The second produced:

[ { partition: 0, offset: '8', high: '8', low: '0' } ]

The third produced:

[ { partition: 0, offset: '9', high: '9', low: '0' } ]

Now the offset and high watermark is only incrementing by one, as one would assume.

Consuming the topic from the beginning retrieves six messages (as expected since I sent 3 via transaction and 3 via producer):

const { Kafka } = require('kafkajs')

const kafka = new Kafka({
  brokers: ['127.0.0.1:9092'],
  clientId: 'consumer',
})

const topic = 'test'
const consumer = kafka.consumer({ groupId: 'test-group' })

const run = async() => {
  await consumer.connect()
  await consumer.subscribe({ topic, fromBeginning: true })
  await consumer.run({
    eachMessage: async ({ topic, partition, message }) => {
      const prefix = `${topic}[${partition} | ${message.offset}] / ${message.timestamp}`
      console.log(`- ${prefix} ${message.key}#${message.value}`)
    },
  })
}

run().catch(console.error)

Output:

- test[0 | 0] / 1585749266604 a#1
- test[0 | 2] / 1585749280837 a#1
- test[0 | 4] / 1585749367956 a#1
- test[0 | 6] / 1585749576105 a#1
- test[0 | 7] / 1585749698091 a#1
- test[0 | 8] / 1585749812388 a#1
Nevon commented 4 years ago

I haven't looked at transactions in over a year (maybe closer to two), but unless I'm mistaken, when you call commit, what happens is that the transaction coordinator writes a transaction commit marker to the partition.
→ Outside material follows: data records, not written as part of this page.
lemma zeta_u_pos: "0 < \<zeta>\<^sub>u"
  using err_less tail_norm_nonneg[of "approx_err \<Theta> v"] by linarith

lemma empty_triangle:
  assumes ab: "0 \<le> a" "a < 1" "0 \<le> b" "b < 1" "a + b \<le> 1"
    and w_int: "\<forall>i. (a *\<^sub>R u + b *\<^sub>R v) $ i \<in> \<int>"
  shows "a = 0 \<and> b = 0"
proof (rule ccontr)
  assume nonzero: "\<not> (a = 0 \<and> b = 0)"
  have "0 < a * u $ 1 + b * v $ 1"
    using nonzero ab u_1_pos u_1_less
    by (metis add_nonneg_pos add_pos_nonneg less_eq_real_def mult_nonneg_nonneg mult_pos_pos order_less_trans)
  moreover have "a * u $ 1 + b * v $ 1 < v $ 1"
  proof (cases "a = 0")
    case True
    then show ?thesis
      using ab u_1_pos u_1_less by simp
  next
    case False
    then have "a * u $ 1 < a * v $ 1"
      using ab u_1_less by simp
    moreover have "(a + b) * v $ 1 \<le> v $ 1"
      using ab u_1_pos u_1_less by (simp add: mult_left_le_one_le)
    ultimately show ?thesis
      by (simp add: algebra_simps)
  qed
  ultimately have "\<zeta>\<^sub>u \<le> tail_norm (approx_err \<Theta> (a *\<^sub>R u + b *\<^sub>R v))"
    using err_minimal[OF w_int] by simp
  also have "\<dots> \<le> a * \<zeta>\<^sub>u + b * \<zeta>\<^sub>v"
    unfolding approx_err_add approx_err_scaleR
    by (rule order_trans[OF tail_norm_add_le]) (simp add: tail_norm_scaleR ab)
  also have "\<dots> < \<zeta>\<^sub>u"
  proof (cases "b = 0")
    case True
    then show ?thesis
      using ab zeta_u_pos by simp
  next
    case False
    then have "b * \<zeta>\<^sub>v < b * \<zeta>\<^sub>u"
      using ab err_less by simp
    moreover have "(a + b) * \<zeta>\<^sub>u \<le> \<zeta>\<^sub>u"
      using ab zeta_u_pos by (simp add: mult_left_le_one_le)
    ultimately show ?thesis
      by (simp add: algebra_simps)
  qed
  finally show False
    by simp
qed

text \<open>The competitor \<open>v - u\<close> gives a second bound besides the one for \<open>u\<close>; in their sum the
  error terms of \<open>v\<close> add up to \<open>v $ 1 \<cdot> \<zeta>\<^sub>v \<le> v $ 1 \<cdot> \<zeta>\<^sub>u\<close>.\<close>
lemma le_twice_tail_norm_minors: "v $ 1 * \<zeta>\<^sub>u \<le> 2 * tail_norm (u $ 1 *\<^sub>R v - v $ 1 *\<^sub>R u)"
proof -
  define m where "m = u $ 1 *\<^sub>R v - v $ 1 *\<^sub>R u"
  define e\<^sub>u where "e\<^sub>u = approx_err \<Theta> u"
  define e\<^sub>v where "e\<^sub>v = approx_err \<Theta> v"
  have m: "m = v $ 1 *\<^sub>R e\<^sub>u - u $ 1 *\<^sub>R e\<^sub>v"
    unfolding m_def e\<^sub>u_def e\<^sub>v_def by (rule minors_eq_approx_err)
  have "v $ 1 * \<zeta>\<^sub>u = tail_norm (v $ 1 *\<^sub>R e\<^sub>u)"
    using u_1_pos u_1_less by (simp add: e\<^sub>u_def tail_norm_scaleR)
  also have "v $ 1 *\<^sub>R e\<^sub>u = m + u $ 1 *\<^sub>R e\<^sub>v"
    by (simp add: m)
  also have "tail_norm \<dots> \<le> tail_norm m + u $ 1 * \<zeta>\<^sub>v"
    by (rule order_trans[OF tail_norm_add_le]) (simp add: e\<^sub>v_def tail_norm_scaleR abs_of_pos[OF u_1_pos])
  finally have first: "v $ 1 * \<zeta>\<^sub>u \<le> tail_norm m + u $ 1 * \<zeta>\<^sub>v" .
  have "\<zeta>\<^sub>u \<le> tail_norm (e\<^sub>v - e\<^sub>u)"
    using err_minimal[of "v - u"] u_int v_int u_1_pos u_1_less
    by (simp add: Ints_diff approx_err_diff e\<^sub>u_def e\<^sub>v_def)
  then have "v $ 1 * \<zeta>\<^sub>u \<le> tail_norm (v $ 1 *\<^sub>R (e\<^sub>v - e\<^sub>u))"
    using u_1_pos u_1_less by (simp add: tail_norm_scaleR)
  also have "v $ 1 *\<^sub>R (e\<^sub>v - e\<^sub>u) = (v $ 1 - u $ 1) *\<^sub>R e\<^sub>v - m"
    by (simp add: m algebra_simps)
  also have "tail_norm \<dots> \<le> (v $ 1 - u $ 1) * \<zeta>\<^sub>v + tail_norm m"
    by (rule order_trans[OF tail_norm_diff_le]) (use u_1_less in \<open>simp add: e\<^sub>v_def tail_norm_scaleR\<close>)
  finally have second: "v $ 1 * \<zeta>\<^sub>u \<le> (v $ 1 - u $ 1) * \<zeta>\<^sub>v + tail_norm m" .
  have "v $ 1 * \<zeta>\<^sub>v \<le> v $ 1 * \<zeta>\<^sub>u"
    using err_less u_1_pos u_1_less by (intro mult_left_mono) auto
  then show ?thesis
    using first second unfolding m_def[symmetric] by (simp add: algebra_simps)
qed

lemma gram_pos: "0 < gram u v"
proof -
  have "0 < v $ 1 * \<zeta>\<^sub>u"
    using u_1_pos u_1_less zeta_u_pos by simp
  then have "0 < (tail_norm (u $ 1 *\<^sub>R v - v $ 1 *\<^sub>R u))\<^sup>2"
    using le_twice_tail_norm_minors by simp
  then show ?thesis
    using tail_norm_minors_sq_le_gram[of u v] by linarith
qed

lemma gram_le: "gram u v \<le> 12 * \<zeta>\<^sub>u\<^sup>2 * (v \<bullet> v)"
proof -
  define \<tau> where "\<tau> = u $ 1 / v $ 1"
  define w where "w = u - \<tau> *\<^sub>R v"
  have \<tau>: "0 < \<tau>" "\<tau> < 1" "\<tau> * v $ 1 = u $ 1"
    using u_1_pos u_1_less by (simp_all add: \<tau>_def)
  then have "w $ 1 = 0"
    by (simp add: w_def)
  then have "w = \<tau> *\<^sub>R approx_err \<Theta> v - approx_err \<Theta> u"
    by (simp add: w_def approx_err_def algebra_simps)
  then have "tail_norm w \<le> \<tau> * \<zeta>\<^sub>v + \<zeta>\<^sub>u"
    using tail_norm_diff_le[of "\<tau> *\<^sub>R approx_err \<Theta> v" "approx_err \<Theta> u"] \<tau> by (simp add: tail_norm_scaleR)
  moreover have "\<tau> * \<zeta>\<^sub>v \<le> \<zeta>\<^sub>v"
    using \<tau> tail_norm_nonneg[of "approx_err \<Theta> v"] by (simp add: mult_left_le_one_le)
  ultimately have "tail_norm w \<le> 2 * \<zeta>\<^sub>u"
    using err_less by linarith
  then have "(tail_norm w)\<^sup>2 \<le> (2 * \<zeta>\<^sub>u)\<^sup>2"
    using tail_norm_nonneg[of w] by (rule power_mono)
  then have "w \<bullet> w \<le> 12 * \<zeta>\<^sub>u\<^sup>2"
    using inner_self_le_tail_norm[OF \<open>w $ 1 = 0\<close>] by (simp add: power_mult_distrib)
  then have "(v \<bullet> v) * (w \<bullet> w) \<le> (v \<bullet> v) * (12 * \<zeta>\<^sub>u\<^sup>2)"
    by (simp add: mult_left_mono)
  then show ?thesis
    using gram_le_inner_mult[of u v \<tau>] unfolding w_def by (simp add: algebra_simps)
qed

end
A transaction commit marker is how a consumer knows whether or not a certain message has actually been committed or is currently part of an open transaction (or one that has been rolled back).

When a consumer reads from the partition, any message that does not have an associated transaction commit marker will not be returned to the user (assuming the client understands transactions and is configured to only read committed messages). So the phantom message you are talking about is that transaction commit marker.

You can verify this by publishing N messages within a single transaction before committing, and you should see the offset incrementing by N+1.